> [What you will do] In this exercise, return each entry exactly as given.

★ ★ ★ ★ ★ ★ ★

(* For every context $\Gamma$, terms $M,N,A,B$ and variable $x$: if $\Gamma,x:A\vdash M:B$ and $\Gamma\vdash N:A$, then $\Gamma\vdash M[x:=N]:B[x:=N]$.
   Context: Let $\mathcal V$ (the variables) be a type with decidable equality, equipped with functions $\mathrm{encode}:\mathcal V\to\mathbb N$ and $\mathrm{decode}:\mathbb N\to\mathcal V$ such that $\mathrm{encode}(\mathrm{decode}\,n)=n$ for all $n$. Let $\mathcal C$ (the constants) be any type. Terms $\Lambda$ are generated by: $c\,k$ ($k\in\mathcal C$), $v\,x$ ($x\in\mathcal V$), $\lambda[x:A]M$, $\Pi[x:A]B$ and $M\cdot N$; in $\lambda[x:A]M$ and $\Pi[x:A]B$ the name $x$ binds in $M$ (resp. $B$) but not in $A$. Terms are raw first-order syntax (not identified up to renaming of bound variables) and $\equiv$ denotes syntactic identity. The list of free variables is $\mathrm{fv}(c\,k)=[\,]$, $\mathrm{fv}(v\,x)=[x]$, $\mathrm{fv}(\lambda[x:A]M)=\mathrm{fv}\,A\mathbin{+\!\!+}(\mathrm{fv}\,M-x)$, $\mathrm{fv}(\Pi[x:A]B)=\mathrm{fv}\,A\mathbin{+\!\!+}(\mathrm{fv}\,B-x)$, $\mathrm{fv}(M\cdot N)=\mathrm{fv}\,M\mathbin{+\!\!+}\mathrm{fv}\,N$, where $\mathbin{+\!\!+}$ is list concatenation and $xs-x$ deletes every occurrence of $x$ from $xs$. Fix a function $\chi':\mathrm{List}\,\mathbb N\to\mathbb N$ with $\chi'(ns)\notin ns$ for every list $ns$, and put $X'(xs)=\mathrm{decode}(\chi'(\mathrm{map}\ \mathrm{encode}\ xs))$. A substitution is any function $\sigma:\mathcal V\to\Lambda$; $\iota=v$ is the identity substitution; $(\sigma,x:=N)(y)=N$ if $y=x$ and $\sigma\,y$ otherwise. For a substitution $\sigma$ and a list $xs$ of variables, $X(\sigma,xs)=X'(\text{concatenation of the lists }\mathrm{fv}(\sigma\,y)\text{ for }y\in xs)$. The action $M\bullet\sigma$ is defined by structural recursion: $c\,k\bullet\sigma=c\,k$; $v\,x\bullet\sigma=\sigma\,x$; $(M\cdot N)\bullet\sigma=(M\bullet\sigma)\cdot(N\bullet\sigma)$; $(\lambda[x:A]M)\bullet\sigma=\lambda[y:A\bullet\sigma](M\bullet(\sigma,x:=v\,y))$ with $y=X(\sigma,\mathrm{fv}\,M-x)$; $(\Pi[x:A]B)\bullet\sigma=\Pi[y:A\bullet\sigma](B\bullet(\sigma,x:=v\,y))$ with $y=X(\sigma,\mathrm{fv}\,B-x)$. Unary substitution is $M[x:=N]=M\bullet(\iota,x:=N)$. $\alpha$-conversion $\sim_\alpha$ is the inductively defined relation with rules: $c\,k\sim_\alpha c\,k$; $v\,x\sim_\alpha v\,x$; $M\cdot N\sim_\alpha M'\cdot N'$ if $M\sim_\alpha M'$ and $N\sim_\alpha N'$; $\lambda[x:A]M\sim_\alpha\lambda[x':A']M'$ if $A\sim_\alpha A'$ and there is a variable $y$ with $y\notin\mathrm{fv}\,M-x$, $y\notin\mathrm{fv}\,M'-x'$ and $M[x:=v\,y]\equiv M'[x':=v\,y]$; and the same rule with $\Pi$ in place of $\lambda$. $\beta$-contraction is $(\lambda[x:A]M)\cdot N\ \triangleright_\beta\ M[x:=N]$. One-step $\beta$-reduction $\to_\beta$ is its contextual closure, inductively: $M\to_\beta N$ if $M\triangleright_\beta N$; $\lambda[x:A]M\to_\beta\lambda[x:A]M'$ and $\Pi[x:A]M\to_\beta\Pi[x:A]M'$ if $M\to_\beta M'$; $\lambda[x:A]M\to_\beta\lambda[x:A']M$ and $\Pi[x:A]M\to_\beta\Pi[x:A']M$ if $A\to_\beta A'$; $M\cdot P\to_\beta N\cdot P$ and $P\cdot M\to_\beta P\cdot N$ if $M\to_\beta N$. $\beta$-conversion $\simeq_\beta$ is the equivalence (reflexive–symmetric–transitive) closure of $\sim_\alpha\cup\to_\beta$. Pure Type System: fix a binary relation $\mathcal A\subseteq\mathcal C\times\mathcal C$ (axioms) and a ternary relation $\mathcal R\subseteq\mathcal C\times\mathcal C\times\mathcal C$ (rules). A context is a finite list of pairs $(x,A)$ with $x\in\mathcal V$, $A\in\Lambda$; $\Gamma,x:A$ denotes the list $(x,A)::\Gamma$; $\mathrm{dom}\,\Gamma$ is the list of first components; $(x,A)\in\Gamma$ is list membership. The judgments $\Gamma\ \mathrm{ok}$ and $\Gamma\vdash M:A$ are defined mutually inductively by: (nil) $[\,]\ \mathrm{ok}$; (cons) if $\Gamma\ \mathrm{ok}$, $\Gamma\vdash A:c\,s$ and $x\notin\mathrm{dom}\,\Gamma$ then $\Gamma,x:A\ \mathrm{ok}$; (sort) if $\Gamma\ \mathrm{ok}$ and $\mathcal A\,s_1\,s_2$ then $\Gamma\vdash c\,s_1:c\,s_2$; (var) if $\Gamma\ \mathrm{ok}$ and $(x,A)\in\Gamma$ then $\Gamma\vdash v\,x:A$; (prod) if $\mathcal R\,s_1\,s_2\,s_3$, $\Gamma\vdash A:c\,s_1$ and for every $y\notin\mathrm{dom}\,\Gamma$, $\Gamma,y:A\vdash B[x:=v\,y]:c\,s_2$, then $\Gamma\vdash\Pi[x:A]B:c\,s_3$; (abs) if $\mathcal R\,s_1\,s_2\,s_3$, $\Gamma\vdash A:c\,s_1$, for every $z\notin\mathrm{dom}\,\Gamma$, $\Gamma,z:A\vdash B[y:=v\,z]:c\,s_2$, and for every $z\notin\mathrm{dom}\,\Gamma$, $\Gamma,z:A\vdash M[x:=v\,z]:B[y:=v\,z]$, then $\Gamma\vdash\lambda[x:A]M:\Pi[y:A]B$; (app) if $\Gamma\vdash M:\Pi[x:A]B$, $\Gamma\vdash N:A$ and $\Gamma\vdash B[x:=N]:c\,s$ for some $s$, then $\Gamma\vdash M\cdot N:B[x:=N]$; (conv) if $\Gamma\vdash M:A$, $A\simeq_\beta B$ and $\Gamma\vdash B:c\,s$ for some $s$, then $\Gamma\vdash M:B$. (The premises quantified over all fresh names in (prod) and (abs) are infinitely branching.) *)

theory Defs
  imports Main
begin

★ ★ ★ ★ ★ ★ ★

> [Worked solution]
(* For every context $\Gamma$, terms $M,N,A,B$ and variable $x$: if $\Gamma,x:A\vdash M:B$ and $\Gamma\vdash N:A$, then $\Gamma\vdash M[x:=N]:B[x:=N]$.
   Context: Let $\mathcal V$ (the variables) be a type with decidable equality, equipped with functions $\mathrm{encode}:\mathcal V\to\mathbb N$ and $\mathrm{decode}:\mathbb N\to\mathcal V$ such that $\mathrm{encode}(\mathrm{decode}\,n)=n$ for all $n$. Let $\mathcal C$ (the constants) be any type. Terms $\Lambda$ are generated by: $c\,k$ ($k\in\mathcal C$), $v\,x$ ($x\in\mathcal V$), $\lambda[x:A]M$, $\Pi[x:A]B$ and $M\cdot N$; in $\lambda[x:A]M$ and $\Pi[x:A]B$ the name $x$ binds in $M$ (resp. $B$) but not in $A$. Terms are raw first-order syntax (not identified up to renaming of bound variables) and $\equiv$ denotes syntactic identity. The list of free variables is $\mathrm{fv}(c\,k)=[\,]$, $\mathrm{fv}(v\,x)=[x]$, $\mathrm{fv}(\lambda[x:A]M)=\mathrm{fv}\,A\mathbin{+\!\!+}(\mathrm{fv}\,M-x)$, $\mathrm{fv}(\Pi[x:A]B)=\mathrm{fv}\,A\mathbin{+\!\!+}(\mathrm{fv}\,B-x)$, $\mathrm{fv}(M\cdot N)=\mathrm{fv}\,M\mathbin{+\!\!+}\mathrm{fv}\,N$, where $\mathbin{+\!\!+}$ is list concatenation and $xs-x$ deletes every occurrence of $x$ from $xs$. Fix a function $\chi':\mathrm{List}\,\mathbb N\to\mathbb N$ with $\chi'(ns)\notin ns$ for every list $ns$, and put $X'(xs)=\mathrm{decode}(\chi'(\mathrm{map}\ \mathrm{encode}\ xs))$. A substitution is any function $\sigma:\mathcal V\to\Lambda$; $\iota=v$ is the identity substitution; $(\sigma,x:=N)(y)=N$ if $y=x$ and $\sigma\,y$ otherwise. For a substitution $\sigma$ and a list $xs$ of variables, $X(\sigma,xs)=X'(\text{concatenation of the lists }\mathrm{fv}(\sigma\,y)\text{ for }y\in xs)$. The action $M\bullet\sigma$ is defined by structural recursion: $c\,k\bullet\sigma=c\,k$; $v\,x\bullet\sigma=\sigma\,x$; $(M\cdot N)\bullet\sigma=(M\bullet\sigma)\cdot(N\bullet\sigma)$; $(\lambda[x:A]M)\bullet\sigma=\lambda[y:A\bullet\sigma](M\bullet(\sigma,x:=v\,y))$ with $y=X(\sigma,\mathrm{fv}\,M-x)$; $(\Pi[x:A]B)\bullet\sigma=\Pi[y:A\bullet\sigma](B\bullet(\sigma,x:=v\,y))$ with $y=X(\sigma,\mathrm{fv}\,B-x)$. Unary substitution is $M[x:=N]=M\bullet(\iota,x:=N)$. $\alpha$-conversion $\sim_\alpha$ is the inductively defined relation with rules: $c\,k\sim_\alpha c\,k$; $v\,x\sim_\alpha v\,x$; $M\cdot N\sim_\alpha M'\cdot N'$ if $M\sim_\alpha M'$ and $N\sim_\alpha N'$; $\lambda[x:A]M\sim_\alpha\lambda[x':A']M'$ if $A\sim_\alpha A'$ and there is a variable $y$ with $y\notin\mathrm{fv}\,M-x$, $y\notin\mathrm{fv}\,M'-x'$ and $M[x:=v\,y]\equiv M'[x':=v\,y]$; and the same rule with $\Pi$ in place of $\lambda$. $\beta$-contraction is $(\lambda[x:A]M)\cdot N\ \triangleright_\beta\ M[x:=N]$. One-step $\beta$-reduction $\to_\beta$ is its contextual closure, inductively: $M\to_\beta N$ if $M\triangleright_\beta N$; $\lambda[x:A]M\to_\beta\lambda[x:A]M'$ and $\Pi[x:A]M\to_\beta\Pi[x:A]M'$ if $M\to_\beta M'$; $\lambda[x:A]M\to_\beta\lambda[x:A']M$ and $\Pi[x:A]M\to_\beta\Pi[x:A']M$ if $A\to_\beta A'$; $M\cdot P\to_\beta N\cdot P$ and $P\cdot M\to_\beta P\cdot N$ if $M\to_\beta N$. $\beta$-conversion $\simeq_\beta$ is the equivalence (reflexive–symmetric–transitive) closure of $\sim_\alpha\cup\to_\beta$. Pure Type System: fix a binary relation $\mathcal A\subseteq\mathcal C\times\mathcal C$ (axioms) and a ternary relation $\mathcal R\subseteq\mathcal C\times\mathcal C\times\mathcal C$ (rules). A context is a finite list of pairs $(x,A)$ with $x\in\mathcal V$, $A\in\Lambda$; $\Gamma,x:A$ denotes the list $(x,A)::\Gamma$; $\mathrm{dom}\,\Gamma$ is the list of first components; $(x,A)\in\Gamma$ is list membership. The judgments $\Gamma\ \mathrm{ok}$ and $\Gamma\vdash M:A$ are defined mutually inductively by: (nil) $[\,]\ \mathrm{ok}$; (cons) if $\Gamma\ \mathrm{ok}$, $\Gamma\vdash A:c\,s$ and $x\notin\mathrm{dom}\,\Gamma$ then $\Gamma,x:A\ \mathrm{ok}$; (sort) if $\Gamma\ \mathrm{ok}$ and $\mathcal A\,s_1\,s_2$ then $\Gamma\vdash c\,s_1:c\,s_2$; (var) if $\Gamma\ \mathrm{ok}$ and $(x,A)\in\Gamma$ then $\Gamma\vdash v\,x:A$; (prod) if $\mathcal R\,s_1\,s_2\,s_3$, $\Gamma\vdash A:c\,s_1$ and for every $y\notin\mathrm{dom}\,\Gamma$, $\Gamma,y:A\vdash B[x:=v\,y]:c\,s_2$, then $\Gamma\vdash\Pi[x:A]B:c\,s_3$; (abs) if $\mathcal R\,s_1\,s_2\,s_3$, $\Gamma\vdash A:c\,s_1$, for every $z\notin\mathrm{dom}\,\Gamma$, $\Gamma,z:A\vdash B[y:=v\,z]:c\,s_2$, and for every $z\notin\mathrm{dom}\,\Gamma$, $\Gamma,z:A\vdash M[x:=v\,z]:B[y:=v\,z]$, then $\Gamma\vdash\lambda[x:A]M:\Pi[y:A]B$; (app) if $\Gamma\vdash M:\Pi[x:A]B$, $\Gamma\vdash N:A$ and $\Gamma\vdash B[x:=N]:c\,s$ for some $s$, then $\Gamma\vdash M\cdot N:B[x:=N]$; (conv) if $\Gamma\vdash M:A$, $A\simeq_\beta B$ and $\Gamma\vdash B:c\,s$ for some $s$, then $\Gamma\vdash M:B$. (The premises quantified over all fresh names in (prod) and (abs) are infinitely branching.) *)

theory Defs
  imports Main
begin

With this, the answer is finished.